**Your goal:**
Below are entries. Reproduce exactly the lines between the line holding "then obtain i" and the line holding "ennreal (\<Prod>i\<in>UNIV. u$i", inclusive, and only those.

====== Records shown ======

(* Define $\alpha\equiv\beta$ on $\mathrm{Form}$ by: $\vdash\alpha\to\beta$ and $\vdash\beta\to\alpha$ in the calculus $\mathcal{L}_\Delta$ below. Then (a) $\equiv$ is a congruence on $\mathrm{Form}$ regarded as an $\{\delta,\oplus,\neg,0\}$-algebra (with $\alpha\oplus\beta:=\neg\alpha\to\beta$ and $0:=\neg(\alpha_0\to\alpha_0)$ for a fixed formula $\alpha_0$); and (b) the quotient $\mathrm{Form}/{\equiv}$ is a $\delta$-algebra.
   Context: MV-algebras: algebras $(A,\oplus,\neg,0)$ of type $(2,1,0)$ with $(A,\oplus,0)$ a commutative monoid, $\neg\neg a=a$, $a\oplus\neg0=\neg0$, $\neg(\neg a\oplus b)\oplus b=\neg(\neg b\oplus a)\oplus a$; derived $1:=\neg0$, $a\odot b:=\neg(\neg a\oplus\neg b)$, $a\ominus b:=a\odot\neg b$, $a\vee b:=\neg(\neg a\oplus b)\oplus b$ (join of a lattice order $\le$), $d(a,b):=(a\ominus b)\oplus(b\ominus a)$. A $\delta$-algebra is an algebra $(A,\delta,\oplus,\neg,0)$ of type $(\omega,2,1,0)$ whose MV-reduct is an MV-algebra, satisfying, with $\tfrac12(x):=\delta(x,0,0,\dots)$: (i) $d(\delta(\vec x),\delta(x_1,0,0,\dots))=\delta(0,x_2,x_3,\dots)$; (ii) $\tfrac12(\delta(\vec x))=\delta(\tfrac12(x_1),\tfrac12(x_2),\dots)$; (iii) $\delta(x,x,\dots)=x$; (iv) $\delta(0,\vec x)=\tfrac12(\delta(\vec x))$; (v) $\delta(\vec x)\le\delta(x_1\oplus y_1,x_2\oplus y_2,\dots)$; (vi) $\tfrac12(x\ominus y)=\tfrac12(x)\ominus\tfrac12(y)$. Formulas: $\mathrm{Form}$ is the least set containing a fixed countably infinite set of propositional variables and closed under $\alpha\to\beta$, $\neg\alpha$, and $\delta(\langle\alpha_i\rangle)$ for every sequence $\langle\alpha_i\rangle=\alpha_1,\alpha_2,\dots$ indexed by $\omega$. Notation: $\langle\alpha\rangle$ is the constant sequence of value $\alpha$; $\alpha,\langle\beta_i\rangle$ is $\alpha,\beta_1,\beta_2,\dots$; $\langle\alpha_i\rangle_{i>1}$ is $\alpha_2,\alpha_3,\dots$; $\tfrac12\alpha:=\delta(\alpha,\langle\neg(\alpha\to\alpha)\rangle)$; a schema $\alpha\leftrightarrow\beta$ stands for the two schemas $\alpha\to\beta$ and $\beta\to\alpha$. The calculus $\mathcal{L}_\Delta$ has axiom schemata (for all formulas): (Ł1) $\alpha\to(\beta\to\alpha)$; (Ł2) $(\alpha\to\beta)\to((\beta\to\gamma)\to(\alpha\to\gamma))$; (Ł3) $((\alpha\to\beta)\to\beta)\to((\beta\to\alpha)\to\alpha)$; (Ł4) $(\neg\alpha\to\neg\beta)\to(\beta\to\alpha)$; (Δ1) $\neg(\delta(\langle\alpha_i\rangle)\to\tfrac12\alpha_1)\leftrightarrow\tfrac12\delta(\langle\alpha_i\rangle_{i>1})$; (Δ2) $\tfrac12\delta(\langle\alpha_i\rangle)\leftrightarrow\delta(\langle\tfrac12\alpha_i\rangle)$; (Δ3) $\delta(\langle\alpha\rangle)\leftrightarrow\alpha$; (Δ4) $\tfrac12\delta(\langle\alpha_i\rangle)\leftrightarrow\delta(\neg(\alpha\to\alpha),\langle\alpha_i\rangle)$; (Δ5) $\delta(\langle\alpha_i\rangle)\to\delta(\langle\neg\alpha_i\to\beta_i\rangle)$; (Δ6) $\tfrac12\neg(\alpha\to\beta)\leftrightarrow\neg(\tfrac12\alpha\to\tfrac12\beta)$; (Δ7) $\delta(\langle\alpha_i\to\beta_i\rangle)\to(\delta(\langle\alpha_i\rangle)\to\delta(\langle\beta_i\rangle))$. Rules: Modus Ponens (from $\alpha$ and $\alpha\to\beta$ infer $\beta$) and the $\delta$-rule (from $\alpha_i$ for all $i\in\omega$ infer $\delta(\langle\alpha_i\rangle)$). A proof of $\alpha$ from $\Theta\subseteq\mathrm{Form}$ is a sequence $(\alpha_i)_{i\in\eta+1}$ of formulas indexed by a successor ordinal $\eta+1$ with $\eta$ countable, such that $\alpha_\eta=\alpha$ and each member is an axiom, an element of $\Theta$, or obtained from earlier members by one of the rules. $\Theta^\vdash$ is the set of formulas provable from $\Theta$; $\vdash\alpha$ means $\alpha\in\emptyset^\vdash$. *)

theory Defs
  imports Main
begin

======
====== Records shown ======

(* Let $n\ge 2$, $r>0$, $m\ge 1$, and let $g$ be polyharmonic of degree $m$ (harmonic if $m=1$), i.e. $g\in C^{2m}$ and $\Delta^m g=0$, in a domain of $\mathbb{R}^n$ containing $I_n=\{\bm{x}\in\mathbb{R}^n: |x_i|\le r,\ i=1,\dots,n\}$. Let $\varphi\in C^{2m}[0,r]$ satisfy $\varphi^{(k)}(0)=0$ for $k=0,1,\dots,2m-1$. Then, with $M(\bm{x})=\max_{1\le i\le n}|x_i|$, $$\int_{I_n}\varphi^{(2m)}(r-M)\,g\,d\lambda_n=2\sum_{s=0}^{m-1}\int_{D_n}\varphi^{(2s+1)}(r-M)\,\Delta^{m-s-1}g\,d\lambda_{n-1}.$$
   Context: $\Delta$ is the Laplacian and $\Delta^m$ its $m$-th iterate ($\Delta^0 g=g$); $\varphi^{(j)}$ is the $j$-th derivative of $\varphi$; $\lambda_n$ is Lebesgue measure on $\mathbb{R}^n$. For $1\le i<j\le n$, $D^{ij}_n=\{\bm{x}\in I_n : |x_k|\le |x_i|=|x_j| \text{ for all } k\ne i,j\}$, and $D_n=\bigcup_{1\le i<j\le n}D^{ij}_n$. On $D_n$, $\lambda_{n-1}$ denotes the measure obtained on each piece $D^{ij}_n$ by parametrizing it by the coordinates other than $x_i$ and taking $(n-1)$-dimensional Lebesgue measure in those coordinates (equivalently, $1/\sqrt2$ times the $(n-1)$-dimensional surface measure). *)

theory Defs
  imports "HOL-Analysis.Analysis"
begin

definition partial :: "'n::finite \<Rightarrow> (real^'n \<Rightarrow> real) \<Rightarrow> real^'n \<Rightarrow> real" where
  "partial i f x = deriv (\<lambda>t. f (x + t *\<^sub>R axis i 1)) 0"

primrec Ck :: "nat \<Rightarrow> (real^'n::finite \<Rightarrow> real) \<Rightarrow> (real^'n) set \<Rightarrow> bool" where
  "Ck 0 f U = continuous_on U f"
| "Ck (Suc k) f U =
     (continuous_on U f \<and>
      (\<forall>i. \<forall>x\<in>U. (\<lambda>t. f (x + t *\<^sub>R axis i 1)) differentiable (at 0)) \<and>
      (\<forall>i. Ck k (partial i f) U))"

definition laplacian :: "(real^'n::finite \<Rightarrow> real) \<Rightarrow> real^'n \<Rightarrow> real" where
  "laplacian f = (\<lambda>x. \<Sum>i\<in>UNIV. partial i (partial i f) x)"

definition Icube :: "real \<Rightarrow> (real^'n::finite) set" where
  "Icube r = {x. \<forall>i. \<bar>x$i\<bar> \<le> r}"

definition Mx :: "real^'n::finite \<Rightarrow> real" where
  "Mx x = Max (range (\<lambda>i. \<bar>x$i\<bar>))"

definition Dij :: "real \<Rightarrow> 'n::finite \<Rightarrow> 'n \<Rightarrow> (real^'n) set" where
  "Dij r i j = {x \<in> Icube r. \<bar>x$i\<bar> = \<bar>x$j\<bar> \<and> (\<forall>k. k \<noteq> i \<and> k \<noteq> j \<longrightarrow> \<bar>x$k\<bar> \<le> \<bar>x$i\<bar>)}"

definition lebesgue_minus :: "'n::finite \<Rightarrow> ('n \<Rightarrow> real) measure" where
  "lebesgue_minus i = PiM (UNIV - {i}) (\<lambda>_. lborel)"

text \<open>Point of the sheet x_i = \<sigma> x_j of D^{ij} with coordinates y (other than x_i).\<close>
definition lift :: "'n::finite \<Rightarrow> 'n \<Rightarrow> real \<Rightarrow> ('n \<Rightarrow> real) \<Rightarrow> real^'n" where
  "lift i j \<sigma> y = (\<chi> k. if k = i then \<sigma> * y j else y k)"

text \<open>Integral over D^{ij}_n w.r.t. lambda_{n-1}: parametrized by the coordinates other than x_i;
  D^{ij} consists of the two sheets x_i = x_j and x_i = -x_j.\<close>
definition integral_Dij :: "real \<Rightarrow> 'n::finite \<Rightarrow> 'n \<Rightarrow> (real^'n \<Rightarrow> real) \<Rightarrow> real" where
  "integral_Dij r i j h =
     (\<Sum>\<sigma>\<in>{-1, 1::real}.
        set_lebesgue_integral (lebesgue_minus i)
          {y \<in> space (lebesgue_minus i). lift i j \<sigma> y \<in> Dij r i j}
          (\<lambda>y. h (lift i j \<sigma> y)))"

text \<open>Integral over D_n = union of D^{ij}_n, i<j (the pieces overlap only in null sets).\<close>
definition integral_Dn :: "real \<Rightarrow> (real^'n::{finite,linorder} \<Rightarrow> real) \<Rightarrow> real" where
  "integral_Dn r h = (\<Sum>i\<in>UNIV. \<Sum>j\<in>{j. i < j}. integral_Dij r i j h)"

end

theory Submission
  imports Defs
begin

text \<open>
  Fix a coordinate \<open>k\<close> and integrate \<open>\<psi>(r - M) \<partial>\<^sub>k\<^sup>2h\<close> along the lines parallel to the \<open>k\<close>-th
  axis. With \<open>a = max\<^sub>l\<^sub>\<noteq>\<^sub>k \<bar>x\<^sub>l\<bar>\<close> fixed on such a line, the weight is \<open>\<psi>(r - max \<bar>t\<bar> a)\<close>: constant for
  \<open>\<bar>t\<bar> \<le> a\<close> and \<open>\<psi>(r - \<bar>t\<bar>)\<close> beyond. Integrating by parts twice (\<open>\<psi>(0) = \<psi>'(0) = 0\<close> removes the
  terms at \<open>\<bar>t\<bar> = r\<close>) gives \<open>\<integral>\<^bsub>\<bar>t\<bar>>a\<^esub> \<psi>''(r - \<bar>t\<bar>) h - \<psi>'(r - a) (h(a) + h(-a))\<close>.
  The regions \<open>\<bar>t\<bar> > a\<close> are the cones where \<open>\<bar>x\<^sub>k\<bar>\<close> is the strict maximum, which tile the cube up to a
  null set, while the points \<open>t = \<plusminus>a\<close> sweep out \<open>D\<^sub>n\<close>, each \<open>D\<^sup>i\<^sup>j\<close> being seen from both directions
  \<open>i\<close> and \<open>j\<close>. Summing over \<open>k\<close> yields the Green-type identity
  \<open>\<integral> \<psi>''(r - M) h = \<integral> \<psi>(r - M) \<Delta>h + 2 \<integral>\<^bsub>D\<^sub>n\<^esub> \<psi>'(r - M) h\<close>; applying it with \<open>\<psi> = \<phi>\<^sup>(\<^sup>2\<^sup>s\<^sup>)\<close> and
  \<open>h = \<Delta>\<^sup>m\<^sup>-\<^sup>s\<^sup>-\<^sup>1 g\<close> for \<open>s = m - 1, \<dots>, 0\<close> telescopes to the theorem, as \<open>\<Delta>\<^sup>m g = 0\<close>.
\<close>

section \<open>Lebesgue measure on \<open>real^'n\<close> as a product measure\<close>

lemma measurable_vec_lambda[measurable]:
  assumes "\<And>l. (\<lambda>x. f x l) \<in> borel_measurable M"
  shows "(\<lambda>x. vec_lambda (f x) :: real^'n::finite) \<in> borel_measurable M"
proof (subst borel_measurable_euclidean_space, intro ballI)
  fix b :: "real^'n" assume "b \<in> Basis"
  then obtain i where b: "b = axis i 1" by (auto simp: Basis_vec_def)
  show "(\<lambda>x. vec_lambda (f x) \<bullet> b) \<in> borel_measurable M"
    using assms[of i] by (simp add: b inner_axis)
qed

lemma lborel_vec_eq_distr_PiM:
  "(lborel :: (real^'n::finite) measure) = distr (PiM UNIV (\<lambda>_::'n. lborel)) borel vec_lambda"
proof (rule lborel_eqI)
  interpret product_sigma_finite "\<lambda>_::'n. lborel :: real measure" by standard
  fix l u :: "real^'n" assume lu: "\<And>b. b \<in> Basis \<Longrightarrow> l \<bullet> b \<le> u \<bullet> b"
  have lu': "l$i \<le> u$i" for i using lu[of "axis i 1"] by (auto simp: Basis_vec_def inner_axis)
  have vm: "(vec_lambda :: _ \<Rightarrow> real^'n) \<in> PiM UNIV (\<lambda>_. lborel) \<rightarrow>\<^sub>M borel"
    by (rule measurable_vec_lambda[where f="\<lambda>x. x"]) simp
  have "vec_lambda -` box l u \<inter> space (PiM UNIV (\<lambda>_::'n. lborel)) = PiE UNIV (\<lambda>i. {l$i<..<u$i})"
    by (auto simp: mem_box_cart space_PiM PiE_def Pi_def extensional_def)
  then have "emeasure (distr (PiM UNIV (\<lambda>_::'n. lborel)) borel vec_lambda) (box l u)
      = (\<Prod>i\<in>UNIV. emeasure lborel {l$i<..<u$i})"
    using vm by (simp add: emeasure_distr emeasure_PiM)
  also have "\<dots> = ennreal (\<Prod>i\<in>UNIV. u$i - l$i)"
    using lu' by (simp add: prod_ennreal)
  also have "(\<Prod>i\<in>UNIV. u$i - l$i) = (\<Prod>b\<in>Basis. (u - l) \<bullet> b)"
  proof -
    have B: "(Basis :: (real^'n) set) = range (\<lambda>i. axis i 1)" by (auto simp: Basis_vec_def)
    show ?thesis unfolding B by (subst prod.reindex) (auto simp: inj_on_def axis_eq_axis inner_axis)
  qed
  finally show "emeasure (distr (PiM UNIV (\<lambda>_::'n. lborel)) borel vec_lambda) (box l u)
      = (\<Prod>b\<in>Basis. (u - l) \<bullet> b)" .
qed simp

======

**Finished exercise:**
  then obtain i where b: "b = axis i 1" by (auto simp: Basis_vec_def)
  show "(\<lambda>x. vec_lambda (f x) \<bullet> b) \<in> borel_measurable M"
    using assms[of i] by (simp add: b inner_axis)
qed

lemma lborel_vec_eq_distr_PiM:
  "(lborel :: (real^'n::finite) measure) = distr (PiM UNIV (\<lambda>_::'n. lborel)) borel vec_lambda"
proof (rule lborel_eqI)
  interpret product_sigma_finite "\<lambda>_::'n. lborel :: real measure" by standard
  fix l u :: "real^'n" assume lu: "\<And>b. b \<in> Basis \<Longrightarrow> l \<bullet> b \<le> u \<bullet> b"
  have lu': "l$i \<le> u$i" for i using lu[of "axis i 1"] by (auto simp: Basis_vec_def inner_axis)
  have vm: "(vec_lambda :: _ \<Rightarrow> real^'n) \<in> PiM UNIV (\<lambda>_. lborel) \<rightarrow>\<^sub>M borel"
    by (rule measurable_vec_lambda[where f="\<lambda>x. x"]) simp
  have "vec_lambda -` box l u \<inter> space (PiM UNIV (\<lambda>_::'n. lborel)) = PiE UNIV (\<lambda>i. {l$i<..<u$i})"
    by (auto simp: mem_box_cart space_PiM PiE_def Pi_def extensional_def)
  then have "emeasure (distr (PiM UNIV (\<lambda>_::'n. lborel)) borel vec_lambda) (box l u)
      = (\<Prod>i\<in>UNIV. emeasure lborel {l$i<..<u$i})"
    using vm by (simp add: emeasure_distr emeasure_PiM)
  also have "\<dots> = ennreal (\<Prod>i\<in>UNIV. u$i - l$i)"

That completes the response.